BEGIN Data

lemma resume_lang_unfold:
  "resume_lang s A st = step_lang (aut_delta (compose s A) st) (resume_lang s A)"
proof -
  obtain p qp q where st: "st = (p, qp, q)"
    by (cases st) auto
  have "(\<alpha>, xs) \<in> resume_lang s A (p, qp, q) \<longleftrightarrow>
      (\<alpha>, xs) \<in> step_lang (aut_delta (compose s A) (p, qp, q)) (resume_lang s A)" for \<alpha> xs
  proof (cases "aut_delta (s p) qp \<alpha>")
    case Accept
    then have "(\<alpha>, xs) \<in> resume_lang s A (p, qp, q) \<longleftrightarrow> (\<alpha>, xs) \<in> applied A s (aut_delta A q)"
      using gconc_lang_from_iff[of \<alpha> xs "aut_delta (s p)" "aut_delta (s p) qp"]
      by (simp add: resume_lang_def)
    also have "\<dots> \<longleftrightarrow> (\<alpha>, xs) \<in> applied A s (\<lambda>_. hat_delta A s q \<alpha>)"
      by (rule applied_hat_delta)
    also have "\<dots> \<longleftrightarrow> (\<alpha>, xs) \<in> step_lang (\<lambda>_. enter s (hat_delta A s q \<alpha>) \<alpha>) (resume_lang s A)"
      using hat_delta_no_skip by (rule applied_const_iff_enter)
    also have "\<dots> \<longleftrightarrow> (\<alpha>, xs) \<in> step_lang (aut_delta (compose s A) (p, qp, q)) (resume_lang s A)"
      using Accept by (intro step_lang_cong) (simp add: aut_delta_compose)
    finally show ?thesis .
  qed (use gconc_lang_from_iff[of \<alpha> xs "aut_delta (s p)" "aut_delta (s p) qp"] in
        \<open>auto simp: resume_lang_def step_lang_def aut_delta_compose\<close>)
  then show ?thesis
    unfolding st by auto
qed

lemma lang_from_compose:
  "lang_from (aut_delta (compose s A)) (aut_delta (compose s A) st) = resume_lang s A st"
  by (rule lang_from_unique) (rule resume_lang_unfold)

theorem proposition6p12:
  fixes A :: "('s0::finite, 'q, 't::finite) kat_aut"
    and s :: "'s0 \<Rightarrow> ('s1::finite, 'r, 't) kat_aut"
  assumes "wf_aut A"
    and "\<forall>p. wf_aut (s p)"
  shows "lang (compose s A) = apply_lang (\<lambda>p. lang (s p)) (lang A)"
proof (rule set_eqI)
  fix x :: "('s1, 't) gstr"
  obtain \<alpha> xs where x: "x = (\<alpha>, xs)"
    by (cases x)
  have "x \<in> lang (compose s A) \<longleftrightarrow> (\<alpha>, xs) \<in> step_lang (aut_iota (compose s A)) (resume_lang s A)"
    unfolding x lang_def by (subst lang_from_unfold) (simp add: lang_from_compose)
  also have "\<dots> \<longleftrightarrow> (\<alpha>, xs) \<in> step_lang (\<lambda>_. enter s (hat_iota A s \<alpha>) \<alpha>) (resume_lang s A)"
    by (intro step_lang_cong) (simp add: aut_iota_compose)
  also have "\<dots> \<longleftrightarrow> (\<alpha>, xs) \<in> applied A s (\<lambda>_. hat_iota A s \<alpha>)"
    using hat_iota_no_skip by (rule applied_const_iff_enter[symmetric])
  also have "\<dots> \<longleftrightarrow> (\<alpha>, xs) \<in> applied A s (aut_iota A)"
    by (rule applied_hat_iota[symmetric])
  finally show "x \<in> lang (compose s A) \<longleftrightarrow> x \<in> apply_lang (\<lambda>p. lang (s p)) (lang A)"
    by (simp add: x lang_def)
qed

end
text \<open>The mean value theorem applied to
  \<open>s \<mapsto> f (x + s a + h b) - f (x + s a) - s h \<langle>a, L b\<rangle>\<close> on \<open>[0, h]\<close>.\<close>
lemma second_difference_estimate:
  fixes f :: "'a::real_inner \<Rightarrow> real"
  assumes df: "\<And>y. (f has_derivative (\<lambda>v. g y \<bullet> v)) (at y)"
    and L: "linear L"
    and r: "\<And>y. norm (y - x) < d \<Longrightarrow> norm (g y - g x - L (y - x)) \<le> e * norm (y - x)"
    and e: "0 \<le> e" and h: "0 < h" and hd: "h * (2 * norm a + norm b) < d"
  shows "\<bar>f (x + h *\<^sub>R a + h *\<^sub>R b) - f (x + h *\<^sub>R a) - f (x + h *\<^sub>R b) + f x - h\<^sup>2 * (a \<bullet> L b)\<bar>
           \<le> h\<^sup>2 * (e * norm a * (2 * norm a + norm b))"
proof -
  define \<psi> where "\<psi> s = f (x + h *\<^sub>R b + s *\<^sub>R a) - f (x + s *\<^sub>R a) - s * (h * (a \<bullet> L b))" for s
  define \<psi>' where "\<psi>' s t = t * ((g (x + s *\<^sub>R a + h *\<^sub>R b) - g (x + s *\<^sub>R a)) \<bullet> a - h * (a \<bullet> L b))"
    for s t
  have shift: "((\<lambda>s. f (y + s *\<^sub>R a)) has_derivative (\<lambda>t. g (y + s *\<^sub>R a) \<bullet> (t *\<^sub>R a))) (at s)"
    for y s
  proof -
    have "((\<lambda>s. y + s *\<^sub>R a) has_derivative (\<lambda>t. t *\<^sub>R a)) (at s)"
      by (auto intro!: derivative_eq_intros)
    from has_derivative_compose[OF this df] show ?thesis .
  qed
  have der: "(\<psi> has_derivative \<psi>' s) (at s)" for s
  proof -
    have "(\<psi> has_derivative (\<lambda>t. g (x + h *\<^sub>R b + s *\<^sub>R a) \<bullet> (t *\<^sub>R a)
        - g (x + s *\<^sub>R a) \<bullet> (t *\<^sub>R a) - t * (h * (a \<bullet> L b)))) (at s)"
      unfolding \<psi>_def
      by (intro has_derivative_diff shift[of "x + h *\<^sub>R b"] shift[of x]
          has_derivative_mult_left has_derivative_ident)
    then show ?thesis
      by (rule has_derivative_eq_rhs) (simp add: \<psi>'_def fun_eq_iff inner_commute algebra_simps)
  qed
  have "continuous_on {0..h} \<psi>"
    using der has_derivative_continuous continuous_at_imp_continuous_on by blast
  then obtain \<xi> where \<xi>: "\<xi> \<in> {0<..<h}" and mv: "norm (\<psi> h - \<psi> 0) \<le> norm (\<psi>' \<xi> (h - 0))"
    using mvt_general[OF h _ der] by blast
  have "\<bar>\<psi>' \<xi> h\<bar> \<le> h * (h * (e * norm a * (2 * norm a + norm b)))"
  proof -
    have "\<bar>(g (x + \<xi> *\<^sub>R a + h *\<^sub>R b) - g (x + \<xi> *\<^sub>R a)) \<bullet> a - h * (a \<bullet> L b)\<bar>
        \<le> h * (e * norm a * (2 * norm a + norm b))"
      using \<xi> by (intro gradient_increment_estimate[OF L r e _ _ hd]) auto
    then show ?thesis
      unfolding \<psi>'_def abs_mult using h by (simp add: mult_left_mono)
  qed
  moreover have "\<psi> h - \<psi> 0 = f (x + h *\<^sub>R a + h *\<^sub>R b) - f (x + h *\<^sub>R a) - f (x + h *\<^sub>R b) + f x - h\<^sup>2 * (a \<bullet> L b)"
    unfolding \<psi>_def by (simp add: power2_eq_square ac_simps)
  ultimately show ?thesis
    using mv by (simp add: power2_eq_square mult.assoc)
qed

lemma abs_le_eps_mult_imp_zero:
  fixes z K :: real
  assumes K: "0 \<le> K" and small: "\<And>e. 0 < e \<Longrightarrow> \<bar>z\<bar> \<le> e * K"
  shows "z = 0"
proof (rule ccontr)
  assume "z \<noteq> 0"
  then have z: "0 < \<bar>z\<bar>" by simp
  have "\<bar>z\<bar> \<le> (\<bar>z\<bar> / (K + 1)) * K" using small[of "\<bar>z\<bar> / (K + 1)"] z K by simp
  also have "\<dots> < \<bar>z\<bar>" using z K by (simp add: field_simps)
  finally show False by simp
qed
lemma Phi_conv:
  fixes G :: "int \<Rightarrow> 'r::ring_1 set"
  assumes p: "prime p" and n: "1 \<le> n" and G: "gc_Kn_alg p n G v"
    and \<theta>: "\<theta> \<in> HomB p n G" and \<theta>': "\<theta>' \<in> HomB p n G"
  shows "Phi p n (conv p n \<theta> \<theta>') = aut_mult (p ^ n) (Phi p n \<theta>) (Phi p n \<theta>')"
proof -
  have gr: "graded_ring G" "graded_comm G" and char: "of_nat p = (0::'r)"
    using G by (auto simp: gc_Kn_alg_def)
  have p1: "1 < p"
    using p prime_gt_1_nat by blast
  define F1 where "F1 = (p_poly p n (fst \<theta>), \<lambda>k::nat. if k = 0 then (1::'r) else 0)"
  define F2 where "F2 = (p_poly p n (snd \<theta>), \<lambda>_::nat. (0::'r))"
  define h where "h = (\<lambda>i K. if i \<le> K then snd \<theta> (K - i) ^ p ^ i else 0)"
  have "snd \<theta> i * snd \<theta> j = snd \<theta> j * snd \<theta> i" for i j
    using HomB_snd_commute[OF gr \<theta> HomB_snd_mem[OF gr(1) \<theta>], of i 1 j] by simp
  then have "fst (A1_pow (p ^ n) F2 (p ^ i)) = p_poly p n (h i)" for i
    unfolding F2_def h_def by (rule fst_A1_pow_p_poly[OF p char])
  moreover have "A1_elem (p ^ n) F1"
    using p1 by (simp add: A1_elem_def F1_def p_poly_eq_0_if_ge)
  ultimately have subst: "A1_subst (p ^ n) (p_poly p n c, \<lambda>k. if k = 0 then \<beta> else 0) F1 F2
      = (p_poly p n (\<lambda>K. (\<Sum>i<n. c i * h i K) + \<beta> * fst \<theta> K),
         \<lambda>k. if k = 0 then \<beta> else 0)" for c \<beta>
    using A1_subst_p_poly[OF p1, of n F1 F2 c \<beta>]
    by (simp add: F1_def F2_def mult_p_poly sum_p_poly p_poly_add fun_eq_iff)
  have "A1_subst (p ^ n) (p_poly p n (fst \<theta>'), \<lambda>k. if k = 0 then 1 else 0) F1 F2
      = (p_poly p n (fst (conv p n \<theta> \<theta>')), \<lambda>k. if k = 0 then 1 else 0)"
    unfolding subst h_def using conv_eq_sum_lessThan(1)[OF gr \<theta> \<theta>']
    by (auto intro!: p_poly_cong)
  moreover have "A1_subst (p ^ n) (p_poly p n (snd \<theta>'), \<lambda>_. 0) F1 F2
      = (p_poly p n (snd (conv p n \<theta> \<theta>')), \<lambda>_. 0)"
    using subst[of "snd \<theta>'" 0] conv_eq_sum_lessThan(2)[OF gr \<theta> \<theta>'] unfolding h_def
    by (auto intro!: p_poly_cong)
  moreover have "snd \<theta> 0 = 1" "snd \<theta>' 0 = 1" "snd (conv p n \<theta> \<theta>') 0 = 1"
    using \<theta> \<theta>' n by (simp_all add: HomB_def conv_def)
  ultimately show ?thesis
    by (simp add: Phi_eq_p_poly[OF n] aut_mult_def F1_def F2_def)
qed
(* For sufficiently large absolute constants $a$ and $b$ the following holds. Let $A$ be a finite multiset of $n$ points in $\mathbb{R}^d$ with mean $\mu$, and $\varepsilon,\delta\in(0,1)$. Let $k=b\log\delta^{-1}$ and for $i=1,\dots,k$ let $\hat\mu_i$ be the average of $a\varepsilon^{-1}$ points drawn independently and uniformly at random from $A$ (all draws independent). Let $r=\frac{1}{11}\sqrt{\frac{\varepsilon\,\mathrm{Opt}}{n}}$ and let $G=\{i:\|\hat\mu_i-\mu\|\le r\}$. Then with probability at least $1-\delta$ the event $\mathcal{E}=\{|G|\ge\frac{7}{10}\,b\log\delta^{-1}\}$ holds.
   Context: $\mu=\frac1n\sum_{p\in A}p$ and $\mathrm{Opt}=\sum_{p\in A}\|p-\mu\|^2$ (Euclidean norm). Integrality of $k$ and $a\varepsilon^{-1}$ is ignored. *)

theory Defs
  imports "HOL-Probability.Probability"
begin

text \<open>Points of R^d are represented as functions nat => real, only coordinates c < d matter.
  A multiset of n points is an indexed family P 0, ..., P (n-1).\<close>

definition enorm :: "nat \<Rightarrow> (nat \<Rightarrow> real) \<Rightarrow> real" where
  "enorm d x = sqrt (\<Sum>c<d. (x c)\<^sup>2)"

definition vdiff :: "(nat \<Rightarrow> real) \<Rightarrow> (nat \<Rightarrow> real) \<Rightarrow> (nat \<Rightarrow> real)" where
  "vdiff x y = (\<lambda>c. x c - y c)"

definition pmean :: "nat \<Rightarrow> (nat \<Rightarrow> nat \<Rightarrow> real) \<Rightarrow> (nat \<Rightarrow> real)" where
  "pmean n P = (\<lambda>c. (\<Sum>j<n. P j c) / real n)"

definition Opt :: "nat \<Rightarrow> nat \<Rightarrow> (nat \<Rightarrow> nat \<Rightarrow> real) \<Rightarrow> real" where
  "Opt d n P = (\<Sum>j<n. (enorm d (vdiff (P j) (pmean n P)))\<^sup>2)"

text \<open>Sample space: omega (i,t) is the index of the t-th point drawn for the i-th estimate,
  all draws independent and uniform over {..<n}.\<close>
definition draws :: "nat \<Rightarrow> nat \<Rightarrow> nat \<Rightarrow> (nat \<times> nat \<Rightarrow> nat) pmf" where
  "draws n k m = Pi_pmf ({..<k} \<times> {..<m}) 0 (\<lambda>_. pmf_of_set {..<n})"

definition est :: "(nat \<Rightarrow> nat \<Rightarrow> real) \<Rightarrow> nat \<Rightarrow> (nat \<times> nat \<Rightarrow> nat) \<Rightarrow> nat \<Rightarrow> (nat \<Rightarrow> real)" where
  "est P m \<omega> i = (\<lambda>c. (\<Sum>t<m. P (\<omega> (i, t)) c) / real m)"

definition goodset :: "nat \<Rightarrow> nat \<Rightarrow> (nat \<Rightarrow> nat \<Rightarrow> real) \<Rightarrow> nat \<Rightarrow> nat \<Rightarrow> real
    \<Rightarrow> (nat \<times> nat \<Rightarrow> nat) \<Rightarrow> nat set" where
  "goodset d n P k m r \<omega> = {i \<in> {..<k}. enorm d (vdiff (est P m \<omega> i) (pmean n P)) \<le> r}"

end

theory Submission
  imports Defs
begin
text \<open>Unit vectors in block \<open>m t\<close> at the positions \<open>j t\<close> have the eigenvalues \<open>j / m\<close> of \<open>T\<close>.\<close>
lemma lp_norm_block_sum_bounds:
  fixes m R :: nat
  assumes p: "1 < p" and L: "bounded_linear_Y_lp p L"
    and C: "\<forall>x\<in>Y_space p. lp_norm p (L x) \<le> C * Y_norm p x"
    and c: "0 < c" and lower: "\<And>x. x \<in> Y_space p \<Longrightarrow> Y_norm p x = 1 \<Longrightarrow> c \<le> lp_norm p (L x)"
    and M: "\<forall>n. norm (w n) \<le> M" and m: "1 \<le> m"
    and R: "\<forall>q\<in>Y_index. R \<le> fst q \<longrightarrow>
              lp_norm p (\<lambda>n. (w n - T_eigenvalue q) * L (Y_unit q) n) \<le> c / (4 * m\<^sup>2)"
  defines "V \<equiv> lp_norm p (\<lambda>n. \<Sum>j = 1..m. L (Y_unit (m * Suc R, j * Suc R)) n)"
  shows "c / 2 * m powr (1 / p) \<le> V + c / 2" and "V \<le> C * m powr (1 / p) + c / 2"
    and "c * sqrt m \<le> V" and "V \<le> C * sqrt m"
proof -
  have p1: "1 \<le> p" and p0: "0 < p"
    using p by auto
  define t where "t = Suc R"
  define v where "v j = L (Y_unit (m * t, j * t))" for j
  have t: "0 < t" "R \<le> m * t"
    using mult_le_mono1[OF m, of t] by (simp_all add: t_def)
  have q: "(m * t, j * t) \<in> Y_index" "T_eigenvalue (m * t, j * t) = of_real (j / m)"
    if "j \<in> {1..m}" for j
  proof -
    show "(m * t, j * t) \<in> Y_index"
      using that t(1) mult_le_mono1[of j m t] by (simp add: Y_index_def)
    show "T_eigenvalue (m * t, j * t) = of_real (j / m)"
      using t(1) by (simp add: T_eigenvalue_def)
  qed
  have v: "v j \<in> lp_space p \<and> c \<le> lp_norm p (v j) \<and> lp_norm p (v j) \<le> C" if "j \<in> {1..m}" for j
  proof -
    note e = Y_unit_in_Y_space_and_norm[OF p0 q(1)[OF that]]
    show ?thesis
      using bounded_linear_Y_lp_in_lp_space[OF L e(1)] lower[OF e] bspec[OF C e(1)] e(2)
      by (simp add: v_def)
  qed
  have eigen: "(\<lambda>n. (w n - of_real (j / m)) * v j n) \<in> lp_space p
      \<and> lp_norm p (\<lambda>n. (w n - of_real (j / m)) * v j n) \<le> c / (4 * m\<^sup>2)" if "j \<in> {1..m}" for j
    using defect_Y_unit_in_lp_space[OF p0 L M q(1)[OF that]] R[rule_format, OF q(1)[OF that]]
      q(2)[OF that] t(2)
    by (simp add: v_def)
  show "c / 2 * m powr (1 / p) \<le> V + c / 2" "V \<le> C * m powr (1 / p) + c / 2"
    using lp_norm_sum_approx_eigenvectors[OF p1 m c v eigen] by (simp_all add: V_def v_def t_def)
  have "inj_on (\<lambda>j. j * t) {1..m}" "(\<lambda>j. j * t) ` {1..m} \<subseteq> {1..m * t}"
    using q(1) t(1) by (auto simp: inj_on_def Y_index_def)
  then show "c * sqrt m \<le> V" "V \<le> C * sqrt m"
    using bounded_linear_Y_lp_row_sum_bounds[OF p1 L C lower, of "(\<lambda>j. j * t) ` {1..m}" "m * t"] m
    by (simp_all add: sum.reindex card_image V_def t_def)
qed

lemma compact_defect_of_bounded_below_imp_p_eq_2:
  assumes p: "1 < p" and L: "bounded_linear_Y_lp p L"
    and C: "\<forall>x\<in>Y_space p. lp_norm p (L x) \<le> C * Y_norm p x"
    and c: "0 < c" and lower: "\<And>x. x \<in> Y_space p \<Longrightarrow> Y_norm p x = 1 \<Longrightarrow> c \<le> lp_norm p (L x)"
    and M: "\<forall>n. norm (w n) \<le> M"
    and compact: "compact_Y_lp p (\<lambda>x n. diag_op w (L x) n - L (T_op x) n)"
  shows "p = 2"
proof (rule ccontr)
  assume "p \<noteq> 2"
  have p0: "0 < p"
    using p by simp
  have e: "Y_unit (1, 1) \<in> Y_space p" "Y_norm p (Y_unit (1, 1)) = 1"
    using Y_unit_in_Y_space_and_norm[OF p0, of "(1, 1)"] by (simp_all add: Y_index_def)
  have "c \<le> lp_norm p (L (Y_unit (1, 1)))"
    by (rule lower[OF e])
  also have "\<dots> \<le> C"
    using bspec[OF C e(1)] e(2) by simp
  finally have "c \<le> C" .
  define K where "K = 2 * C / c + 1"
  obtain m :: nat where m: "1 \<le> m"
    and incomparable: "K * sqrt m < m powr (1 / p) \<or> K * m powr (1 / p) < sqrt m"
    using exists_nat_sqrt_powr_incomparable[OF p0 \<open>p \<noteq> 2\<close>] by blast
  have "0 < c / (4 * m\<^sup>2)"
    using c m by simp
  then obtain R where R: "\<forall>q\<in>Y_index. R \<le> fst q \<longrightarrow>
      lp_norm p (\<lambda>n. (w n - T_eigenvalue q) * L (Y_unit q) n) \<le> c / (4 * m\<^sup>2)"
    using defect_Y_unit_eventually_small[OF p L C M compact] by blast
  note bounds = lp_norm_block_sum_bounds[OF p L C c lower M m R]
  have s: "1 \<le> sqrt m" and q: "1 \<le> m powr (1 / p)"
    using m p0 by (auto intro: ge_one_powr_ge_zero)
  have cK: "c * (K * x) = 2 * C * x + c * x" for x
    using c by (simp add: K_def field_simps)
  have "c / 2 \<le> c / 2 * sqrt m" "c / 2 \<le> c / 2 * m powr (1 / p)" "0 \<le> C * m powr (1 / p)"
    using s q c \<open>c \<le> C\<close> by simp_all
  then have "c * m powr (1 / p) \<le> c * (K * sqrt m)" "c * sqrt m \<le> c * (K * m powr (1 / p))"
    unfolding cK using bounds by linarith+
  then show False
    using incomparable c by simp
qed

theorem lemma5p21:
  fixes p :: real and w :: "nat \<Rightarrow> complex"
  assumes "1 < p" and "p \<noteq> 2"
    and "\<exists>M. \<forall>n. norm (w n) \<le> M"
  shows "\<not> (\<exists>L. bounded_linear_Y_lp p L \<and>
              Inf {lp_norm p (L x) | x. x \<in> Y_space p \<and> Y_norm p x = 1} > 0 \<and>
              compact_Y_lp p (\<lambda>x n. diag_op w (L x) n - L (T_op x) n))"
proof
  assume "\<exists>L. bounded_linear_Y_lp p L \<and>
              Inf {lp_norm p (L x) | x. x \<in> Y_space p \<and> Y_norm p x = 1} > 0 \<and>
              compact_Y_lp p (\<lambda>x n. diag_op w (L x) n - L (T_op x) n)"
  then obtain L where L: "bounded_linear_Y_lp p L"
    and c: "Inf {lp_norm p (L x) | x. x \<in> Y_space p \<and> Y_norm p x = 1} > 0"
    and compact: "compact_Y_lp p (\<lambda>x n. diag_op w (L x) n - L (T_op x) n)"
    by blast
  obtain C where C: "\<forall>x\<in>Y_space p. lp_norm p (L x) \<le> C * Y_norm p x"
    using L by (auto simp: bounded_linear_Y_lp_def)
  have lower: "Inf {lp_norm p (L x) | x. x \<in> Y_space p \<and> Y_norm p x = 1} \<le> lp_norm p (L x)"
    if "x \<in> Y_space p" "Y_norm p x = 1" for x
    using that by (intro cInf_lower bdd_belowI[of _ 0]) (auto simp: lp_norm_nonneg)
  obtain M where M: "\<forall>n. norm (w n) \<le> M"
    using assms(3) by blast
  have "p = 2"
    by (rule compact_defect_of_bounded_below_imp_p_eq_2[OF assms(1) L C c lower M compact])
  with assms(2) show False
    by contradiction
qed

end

END Data

__Action item__
Could you repeat exactly the lines above from the line with "A) = apply_lang" up to and including the line with "enter s (hat_iota", and only those?

__Reply__
  shows "lang (compose s A) = apply_lang (\<lambda>p. lang (s p)) (lang A)"
proof (rule set_eqI)
  fix x :: "('s1, 't) gstr"
  obtain \<alpha> xs where x: "x = (\<alpha>, xs)"
    by (cases x)
  have "x \<in> lang (compose s A) \<longleftrightarrow> (\<alpha>, xs) \<in> step_lang (aut_iota (compose s A)) (resume_lang s A)"
    unfolding x lang_def by (subst lang_from_unfold) (simp add: lang_from_compose)
  also have "\<dots> \<longleftrightarrow> (\<alpha>, xs) \<in> step_lang (\<lambda>_. enter s (hat_iota A s \<alpha>) \<alpha>) (resume_lang s A)"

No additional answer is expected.